Using datasets created with different technologies

tenguzame · June 8, 2018, 4:23pm

Hi everybody,
I have some different prokaryotic 16S amplicon sequencing datasets I'd like to analyze. However, they have all been created at different times and by means of either 454 pyrosequencing or Illumina MiSeq. Are either DADA2 or Deblur suitable for the analysis of all these datasets at once or should I analyze them separatedly? If so, how can I compare them?
Best regards

Michael Tangherlini

Mehrbod_Estaki · June 8, 2018, 4:46pm

Hi @tenguzame,

Unfortunately no. Deblur's error model is designed for reads from Illumina MiSeq & HiSeq platforms and while DADA2 can handle 454 data it does require each run to be denoised separately. Your best bet is to use dada2 separately for each run and merge downstream.

tenguzame · June 11, 2018, 4:36pm

Hi Merhbod,
Thanks for clarifying. How should I then merge the two feature tables? I guess that I'd get both identical and different ASVs for the two tables... how can I handle this?
Best regards

Michael Tangherlini

Mehrbod_Estaki · June 11, 2018, 7:06pm

Hi @tenguzame,

To be frank, I've never combined 454 with Illumina data, and I'm not aware of any benchmarking that I could point you to. As you suggested due to the differences in the reads, especially the different lengths, you will get multiple ASVs of the same features so certainly we need to acknowledge this. First, do the primers target the same region or are they different? There's a few strategies that might be worth trying, depending on the answer.
According to this reply from the DADA2 developer, if you can truncate your 454 reads to match the illumina reads length and position then merging them after denoising should be fine. This assumes the target region is the same. If they are from different regions then you might benefit from the fragment-insertion plugin, though I'm not sure how these being from different sources affect its performance, if at all, perhaps @Stefan can weigh in on this.
As a last resource you could simply process the 2 reads separately until you assign taxonomy to them, then merge the feature tables based on their taxonomic classification.
Sorry I couldn't provide any definite answers, curious as how this turns out though!

Stefan · June 11, 2018, 7:24pm

Hi @tenguzame,
I don't see a way how to assess quality of a merged analysis. Thus, be very careful with any interpretations. Technically, if you are able to run DADA2 separately on both sequencing methods you should be able to insert both fragment sets into one reference tree with the q2-fragment-insertion plugin, to then compute beta-diversities.
Honestly, I would be very surprised if any metadata variable clusters samples stronger than the separation by sequencing method. But it might be worth to check. If I am right, I don't see any purpose in analysing in a combined fashion.

Mehrbod_Estaki · June 11, 2018, 8:12pm

There was recently a related discussion regarding merging different runs from different primers and technologies that might also be of interest.

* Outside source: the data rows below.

lemma is_ldl_index:
  assumes "is_ldl n A L D" "i < n" "j < n"
  shows "A $$ (i,j) = (\<Sum>k<n. L $$ (i,k) * D $$ (k,k) * L $$ (j,k))"
  using assms congruence_diag_index[of L n n L n D i j] pos_diag_diagonal[of n D]
  unfolding is_ldl_def unit_lower_tri_def pos_diag_def by auto

lemma ldl_rec_is_ldl:
  assumes A: "A \<in> carrier_mat n n"
    and Aa: "\<And>i j. i < n \<Longrightarrow> j < n \<Longrightarrow> A $$ (i,j) = a i j"
    and sym: "\<And>i j. i < n \<Longrightarrow> j < n \<Longrightarrow> a i j = a j i"
    and pos: "\<And>j. j < n \<Longrightarrow> ldl_rec a j j > 0"
  shows "ldl_L n A = ldl_rec_Lmat n a" "ldl_D n A = ldl_rec_Dmat n a"
proof -
  have ex: "is_ldl n A (ldl_rec_Lmat n a) (ldl_rec_Dmat n a)"
    unfolding is_ldl_def unit_lower_tri_def pos_diag_def
  proof (intro conjI allI impI)
    show "A = ldl_rec_Lmat n a * ldl_rec_Dmat n a * transpose_mat (ldl_rec_Lmat n a)"
    proof (rule eq_matI)
      fix i j assume "i < dim_row (ldl_rec_Lmat n a * ldl_rec_Dmat n a * transpose_mat (ldl_rec_Lmat n a))"
        "j < dim_col (ldl_rec_Lmat n a * ldl_rec_Dmat n a * transpose_mat (ldl_rec_Lmat n a))"
      then have i: "i < n" and j: "j < n" by (auto simp: ldl_rec_Lmat_def)
      have "(ldl_rec_Lmat n a * ldl_rec_Dmat n a * transpose_mat (ldl_rec_Lmat n a)) $$ (i,j)
         = (\<Sum>k<n. ldl_rec_L a i k * ldl_rec a k k * ldl_rec_L a j k)"
        using congruence_diag_index[of "ldl_rec_Lmat n a" n n "ldl_rec_Lmat n a" n "ldl_rec_Dmat n a" i j] i j
        by (simp add: ldl_rec_Lmat_def ldl_rec_Dmat_def diag_of_diagonal diag_of_index)
      also have "\<dots> = a i j"
        by (rule ldl_rec_factors[symmetric]) (use sym pos i j in \<open>auto simp: less_le\<close>)
      finally show "A $$ (i,j) = (ldl_rec_Lmat n a * ldl_rec_Dmat n a * transpose_mat (ldl_rec_Lmat n a)) $$ (i,j)"
        using Aa i j by simp
    qed (use A in \<open>auto simp: ldl_rec_Lmat_def\<close>)
  qed (auto simp: ldl_rec_Lmat_def ldl_rec_Dmat_def ldl_rec_L_def diag_of_index pos)
  have uniq: "L = ldl_rec_Lmat n a \<and> D = ldl_rec_Dmat n a" if ldl: "is_ldl n A L D" for L D
  proof -
    have e: "ldl_rec a i j = (if i = j then D $$ (j,j) else L $$ (i,j))" if "j \<le> i" "i < n" for i j
      by (rule ldl_rec_unique[where l = "\<lambda>i j. L $$ (i,j)" and d = "\<lambda>j. D $$ (j,j)" and n = n])
        (use is_ldl_index[OF ldl] Aa ldl that in \<open>auto simp: is_ldl_def unit_lower_tri_def pos_diag_def\<close>)
    have "L = ldl_rec_Lmat n a"
      by (rule eq_matI) (use e ldl in \<open>auto simp: ldl_rec_Lmat_def ldl_rec_L_def is_ldl_def unit_lower_tri_def\<close>)
    moreover have "D = ldl_rec_Dmat n a"
      by (rule eq_matI) (use e ldl in \<open>auto simp: ldl_rec_Dmat_def diag_of_index is_ldl_def pos_diag_def\<close>)
    ultimately show ?thesis by simp
  qed
  show "ldl_L n A = ldl_rec_Lmat n a" unfolding ldl_L_def
    by (rule the_equality) (use ex uniq in blast)+
  show "ldl_D n A = ldl_rec_Dmat n a" unfolding ldl_D_def
    by (rule the_equality) (use ex uniq in blast)+
qed

lemma ldl_rec_differentiable:
  fixes x y :: "nat \<Rightarrow> nat \<Rightarrow> real"
  assumes nz: "\<And>k. k \<le> j \<Longrightarrow> ldl_rec (\<lambda>i j. x i j + 0 * y i j) k k \<noteq> 0"
  shows "(\<lambda>t. ldl_rec (\<lambda>i j. x i j + t * y i j) i j) differentiable (at 0)"
  using nz
proof (induction j arbitrary: i rule: less_induct)
  case (less j)
  let ?a = "\<lambda>t i j. x i j + t * y i j"
  have IH: "\<And>k m. k < j \<Longrightarrow> (\<lambda>t. ldl_rec (?a t) m k) differentiable (at 0)"
    using less by auto
  have diagj: "(\<lambda>t. ldl_rec (?a t) j j) differentiable (at 0)"
  proof -
    have eq: "(\<lambda>t. ldl_rec (?a t) j j)
        = (\<lambda>t. ?a t j j - (\<Sum>k<j. (ldl_rec (?a t) j k)^2 * ldl_rec (?a t) k k))"
      by (rule ext, rule ldl_rec_diag)
    show ?thesis unfolding eq by (intro derivative_intros ballI) (auto intro: IH)
  qed
  consider "i < j" | "i = j" | "j < i" by linarith
  then show ?case
  proof cases
    case 1
    then show ?thesis by (subst ldl_rec.simps) simp
  next
    case 2
    then show ?thesis using diagj by simp
  next
    case 3
    have eq: "(\<lambda>t. ldl_rec (?a t) i j) = (\<lambda>t. (?a t i j - (\<Sum>k<j. ldl_rec (?a t) i k *
        ldl_rec (?a t) j k * ldl_rec (?a t) k k)) / ldl_rec (?a t) j j)"
      using 3 by (intro ext, rule ldl_rec_off)
    show ?thesis unfolding eq
      by (intro derivative_intros ballI diagj) (use less.prems[of j] in \<open>auto intro: IH\<close>)
  qed
qed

Forgot to include it earlier.

tenguzame · June 12, 2018, 9:10pm

Hi @Mehrbod_Estaki,
Thanks for showing me the DADA2 developer's reply. My situation is pretty much the same shown in the post: I have two datasets produced using the same primers (so on the very same region) but with two different technologies (MiSeq vs. 454).
It's very interesting to see that, more or less, the suggested procedure looks very much like that suggested for using Minimum Entropy Decomposition with 454 datasets.
Thus, if I understand correctly, the steps involved should be:

pre-process MiSeq sequences and denoise them to produce a Feature Table as usual;
truncate my 454 reads at the same length employed for the MiSeq ones and produce a Feature Table;
merge the two Feature Tables and go ahead with the analysis.
Is it correct?
I'll give it a try!
Thanks again!

Michael Tangherlini

Mehrbod_Estaki · June 12, 2018, 10:07pm

With the same primer regions I'd say that's a good place to start @tenguzame! I'm very interested on the result of this set up so do keep us posted.
My concerns echo @Stefan's so practice some caution in your interpretation but would be cool if it all works out. Also don't forget to use dada2's 454 plugin when you are denoising your 454 data, keeping in mind that they are only single end reads.
Good luck!

system · July 14, 2018, 4:08am

This topic was automatically closed 31 days after the last reply. New replies are no longer allowed.